In this house lived John Dagnia. Cleadon House was the family home of John Dagnia, famed for the introduction in the 18th Century of lead crystal, the quality and brilliance of which was unparalleled in Britain at that time. The glass was manufactured at West Panns in South Shields.

A 15-acre pleasure garden was also constructed, featuring terraced lawns, a fruit wall, an ornamental lake and a grotto. Today, little of the 18th-century garden survives. Only a section of the original estate wall, evidence of water features, and the Grade II listed grotto remain in modern-day Coulthard Park.
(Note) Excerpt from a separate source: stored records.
(* Let $G=Q_8=\{\pm E,\pm I,\pm J,\pm K\}$ be the quaternion group ($IJ=-JI=K$, $JK=-KJ=I$, $KI=-IK=J$, $IJK=-E$). Then the class semigroup $\mathcal C(\mathcal B(G),\mathcal F(G))$ has exactly $18$ elements.
   Context: For a finite group $G$ (multiplicative, identity $1_G$), $\mathcal F(G)$ is the free abelian monoid with basis $G$ (sequences $S=g_1\boldsymbol{\cdot}\ldots\boldsymbol{\cdot}g_\ell$, operation $\boldsymbol{\cdot}$ = concatenation). $\pi(S)=\{g_{\tau(1)}\cdots g_{\tau(\ell)}:\tau\text{ a permutation of }[1,\ell]\}$, $\pi$ of the empty sequence is $\{1_G\}$, and $\mathcal B(G)=\{S\in\mathcal F(G):1_G\in\pi(S)\}$. For $S,S'\in\mathcal F(G)$, $S\sim S'$ means: for all $T\in\mathcal F(G)$, $S\boldsymbol{\cdot}T\in\mathcal B(G)\iff S'\boldsymbol{\cdot}T\in\mathcal B(G)$; this is a congruence and the class semigroup $\mathcal C(\mathcal B(G),\mathcal F(G))$ is the set of its equivalence classes. *)

theory Defs
  imports "HOL-Algebra.Group" "HOL-Library.Multiset"
begin

definition seqs :: "('a, 'b) monoid_scheme \<Rightarrow> 'a multiset set" where
  "seqs G = {S. set_mset S \<subseteq> carrier G}"

definition seq_prods :: "('a, 'b) monoid_scheme \<Rightarrow> 'a multiset \<Rightarrow> 'a set" where
  "seq_prods G S = {foldr (\<otimes>\<^bsub>G\<^esub>) xs \<one>\<^bsub>G\<^esub> | xs. mset xs = S}"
The grotto's design is typical of Picturesque architecture popular in the mid-18th century. The house and estate were bought by the Grey family of Howick; and by marriage passed to Sir James Pennyman, 6th Baronet. They were bought from the Pennyman family in 1813 by Bryan Abbs. The Abbs family were substantial local leaseholders of property in Monkwearmouth, and developers in Roker.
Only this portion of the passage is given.